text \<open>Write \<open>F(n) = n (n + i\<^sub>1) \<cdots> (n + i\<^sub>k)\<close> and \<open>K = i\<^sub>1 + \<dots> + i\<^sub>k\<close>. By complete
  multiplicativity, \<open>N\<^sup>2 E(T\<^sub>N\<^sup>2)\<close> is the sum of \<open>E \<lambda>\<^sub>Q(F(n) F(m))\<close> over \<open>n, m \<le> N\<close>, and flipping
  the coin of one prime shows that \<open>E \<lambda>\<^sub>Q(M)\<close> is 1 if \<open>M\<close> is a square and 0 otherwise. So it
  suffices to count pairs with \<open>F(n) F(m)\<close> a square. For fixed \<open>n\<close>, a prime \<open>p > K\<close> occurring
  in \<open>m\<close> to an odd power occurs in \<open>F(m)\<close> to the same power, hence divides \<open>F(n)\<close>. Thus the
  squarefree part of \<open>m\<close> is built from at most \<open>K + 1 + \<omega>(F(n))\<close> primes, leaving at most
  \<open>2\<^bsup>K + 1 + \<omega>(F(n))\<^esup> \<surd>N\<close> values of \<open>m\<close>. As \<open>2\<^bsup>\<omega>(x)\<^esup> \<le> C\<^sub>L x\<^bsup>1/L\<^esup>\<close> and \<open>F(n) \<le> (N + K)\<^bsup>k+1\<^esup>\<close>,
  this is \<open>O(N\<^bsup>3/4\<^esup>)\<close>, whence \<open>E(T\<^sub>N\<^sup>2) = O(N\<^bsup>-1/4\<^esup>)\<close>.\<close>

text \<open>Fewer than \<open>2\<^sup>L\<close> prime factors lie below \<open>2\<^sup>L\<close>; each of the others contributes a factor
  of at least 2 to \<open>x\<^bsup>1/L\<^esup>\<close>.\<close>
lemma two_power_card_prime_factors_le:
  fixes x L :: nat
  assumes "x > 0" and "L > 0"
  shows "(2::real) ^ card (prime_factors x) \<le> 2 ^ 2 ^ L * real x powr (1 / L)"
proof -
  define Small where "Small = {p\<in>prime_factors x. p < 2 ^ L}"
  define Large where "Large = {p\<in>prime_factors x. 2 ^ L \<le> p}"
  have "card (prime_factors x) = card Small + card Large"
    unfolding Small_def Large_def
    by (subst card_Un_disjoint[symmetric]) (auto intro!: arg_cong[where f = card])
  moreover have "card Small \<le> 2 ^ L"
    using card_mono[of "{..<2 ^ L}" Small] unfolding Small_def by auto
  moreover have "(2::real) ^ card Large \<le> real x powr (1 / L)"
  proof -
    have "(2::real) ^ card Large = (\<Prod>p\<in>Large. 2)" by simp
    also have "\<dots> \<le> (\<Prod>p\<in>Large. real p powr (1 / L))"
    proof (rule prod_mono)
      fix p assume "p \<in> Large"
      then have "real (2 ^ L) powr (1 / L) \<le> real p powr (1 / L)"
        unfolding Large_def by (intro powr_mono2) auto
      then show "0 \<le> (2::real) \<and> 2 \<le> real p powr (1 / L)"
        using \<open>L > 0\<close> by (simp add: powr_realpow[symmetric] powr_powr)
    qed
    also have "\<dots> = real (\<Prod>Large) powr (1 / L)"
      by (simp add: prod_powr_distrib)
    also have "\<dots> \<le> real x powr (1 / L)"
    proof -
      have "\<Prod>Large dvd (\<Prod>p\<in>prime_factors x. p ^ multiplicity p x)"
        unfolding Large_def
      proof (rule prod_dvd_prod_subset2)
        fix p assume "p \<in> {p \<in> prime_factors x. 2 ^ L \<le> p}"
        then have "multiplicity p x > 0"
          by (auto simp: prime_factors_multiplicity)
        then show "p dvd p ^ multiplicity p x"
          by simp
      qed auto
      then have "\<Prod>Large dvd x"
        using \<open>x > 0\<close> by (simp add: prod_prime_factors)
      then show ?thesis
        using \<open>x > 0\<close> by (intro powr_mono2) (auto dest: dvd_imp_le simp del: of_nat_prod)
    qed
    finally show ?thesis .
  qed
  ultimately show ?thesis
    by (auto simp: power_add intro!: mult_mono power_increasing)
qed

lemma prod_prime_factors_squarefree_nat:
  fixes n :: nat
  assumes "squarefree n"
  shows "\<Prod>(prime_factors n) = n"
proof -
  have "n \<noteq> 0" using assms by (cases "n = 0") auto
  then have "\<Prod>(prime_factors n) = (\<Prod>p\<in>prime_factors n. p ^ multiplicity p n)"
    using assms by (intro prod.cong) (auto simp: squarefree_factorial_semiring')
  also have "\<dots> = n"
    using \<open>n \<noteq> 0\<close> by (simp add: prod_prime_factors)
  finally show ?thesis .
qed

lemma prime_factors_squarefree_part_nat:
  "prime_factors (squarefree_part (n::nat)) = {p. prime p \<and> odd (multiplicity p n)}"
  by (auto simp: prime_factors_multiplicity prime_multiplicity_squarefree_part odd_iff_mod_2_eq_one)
★ ★ ★ ★ ★
-- Task --
Repeat every entry word for word.

-- Response --
text \<open>Write \<open>F(n) = n (n + i\<^sub>1) \<cdots> (n + i\<^sub>k)\<close> and \<open>K = i\<^sub>1 + \<dots> + i\<^sub>k\<close>. By complete
  multiplicativity, \<open>N\<^sup>2 E(T\<^sub>N\<^sup>2)\<close> is the sum of \<open>E \<lambda>\<^sub>Q(F(n) F(m))\<close> over \<open>n, m \<le> N\<close>, and flipping
  the coin of one prime shows that \<open>E \<lambda>\<^sub>Q(M)\<close> is 1 if \<open>M\<close> is a square and 0 otherwise. So it
  suffices to count pairs with \<open>F(n) F(m)\<close> a square. For fixed \<open>n\<close>, a prime \<open>p > K\<close> occurring
  in \<open>m\<close> to an odd power occurs in \<open>F(m)\<close> to the same power, hence divides \<open>F(n)\<close>. Thus the
  squarefree part of \<open>m\<close> is built from at most \<open>K + 1 + \<omega>(F(n))\<close> primes, leaving at most
  \<open>2\<^bsup>K + 1 + \<omega>(F(n))\<^esup> \<surd>N\<close> values of \<open>m\<close>. As \<open>2\<^bsup>\<omega>(x)\<^esup> \<le> C\<^sub>L x\<^bsup>1/L\<^esup>\<close> and \<open>F(n) \<le> (N + K)\<^bsup>k+1\<^esup>\<close>,
  this is \<open>O(N\<^bsup>3/4\<^esup>)\<close>, whence \<open>E(T\<^sub>N\<^sup>2) = O(N\<^bsup>-1/4\<^esup>)\<close>.\<close>

text \<open>Fewer than \<open>2\<^sup>L\<close> prime factors lie below \<open>2\<^sup>L\<close>; each of the others contributes a factor
  of at least 2 to \<open>x\<^bsup>1/L\<^esup>\<close>.\<close>
lemma two_power_card_prime_factors_le:
  fixes x L :: nat
  assumes "x > 0" and "L > 0"
  shows "(2::real) ^ card (prime_factors x) \<le> 2 ^ 2 ^ L * real x powr (1 / L)"
proof -
  define Small where "Small = {p\<in>prime_factors x. p < 2 ^ L}"
  define Large where "Large = {p\<in>prime_factors x. 2 ^ L \<le> p}"
  have "card (prime_factors x) = card Small + card Large"
    unfolding Small_def Large_def
    by (subst card_Un_disjoint[symmetric]) (auto intro!: arg_cong[where f = card])
  moreover have "card Small \<le> 2 ^ L"
    using card_mono[of "{..<2 ^ L}" Small] unfolding Small_def by auto
  moreover have "(2::real) ^ card Large \<le> real x powr (1 / L)"
  proof -
    have "(2::real) ^ card Large = (\<Prod>p\<in>Large. 2)" by simp
    also have "\<dots> \<le> (\<Prod>p\<in>Large. real p powr (1 / L))"
    proof (rule prod_mono)
      fix p assume "p \<in> Large"
      then have "real (2 ^ L) powr (1 / L) \<le> real p powr (1 / L)"
        unfolding Large_def by (intro powr_mono2) auto
      then show "0 \<le> (2::real) \<and> 2 \<le> real p powr (1 / L)"
        using \<open>L > 0\<close> by (simp add: powr_realpow[symmetric] powr_powr)
    qed
    also have "\<dots> = real (\<Prod>Large) powr (1 / L)"
      by (simp add: prod_powr_distrib)
    also have "\<dots> \<le> real x powr (1 / L)"
    proof -
      have "\<Prod>Large dvd (\<Prod>p\<in>prime_factors x. p ^ multiplicity p x)"
        unfolding Large_def
      proof (rule prod_dvd_prod_subset2)
        fix p assume "p \<in> {p \<in> prime_factors x. 2 ^ L \<le> p}"
        then have "multiplicity p x > 0"
          by (auto simp: prime_factors_multiplicity)
        then show "p dvd p ^ multiplicity p x"
          by simp
      qed auto
      then have "\<Prod>Large dvd x"
        using \<open>x > 0\<close> by (simp add: prod_prime_factors)
      then show ?thesis
        using \<open>x > 0\<close> by (intro powr_mono2) (auto dest: dvd_imp_le simp del: of_nat_prod)
    qed
    finally show ?thesis .
  qed
  ultimately show ?thesis
    by (auto simp: power_add intro!: mult_mono power_increasing)
qed

lemma prod_prime_factors_squarefree_nat:
  fixes n :: nat
  assumes "squarefree n"
  shows "\<Prod>(prime_factors n) = n"
proof -
  have "n \<noteq> 0" using assms by (cases "n = 0") auto
  then have "\<Prod>(prime_factors n) = (\<Prod>p\<in>prime_factors n. p ^ multiplicity p n)"
    using assms by (intro prod.cong) (auto simp: squarefree_factorial_semiring')
  also have "\<dots> = n"
    using \<open>n \<noteq> 0\<close> by (simp add: prod_prime_factors)
  finally show ?thesis .
qed

lemma prime_factors_squarefree_part_nat:
  "prime_factors (squarefree_part (n::nat)) = {p. prime p \<and> odd (multiplicity p n)}"
  by (auto simp: prime_factors_multiplicity prime_multiplicity_squarefree_part odd_iff_mod_2_eq_one)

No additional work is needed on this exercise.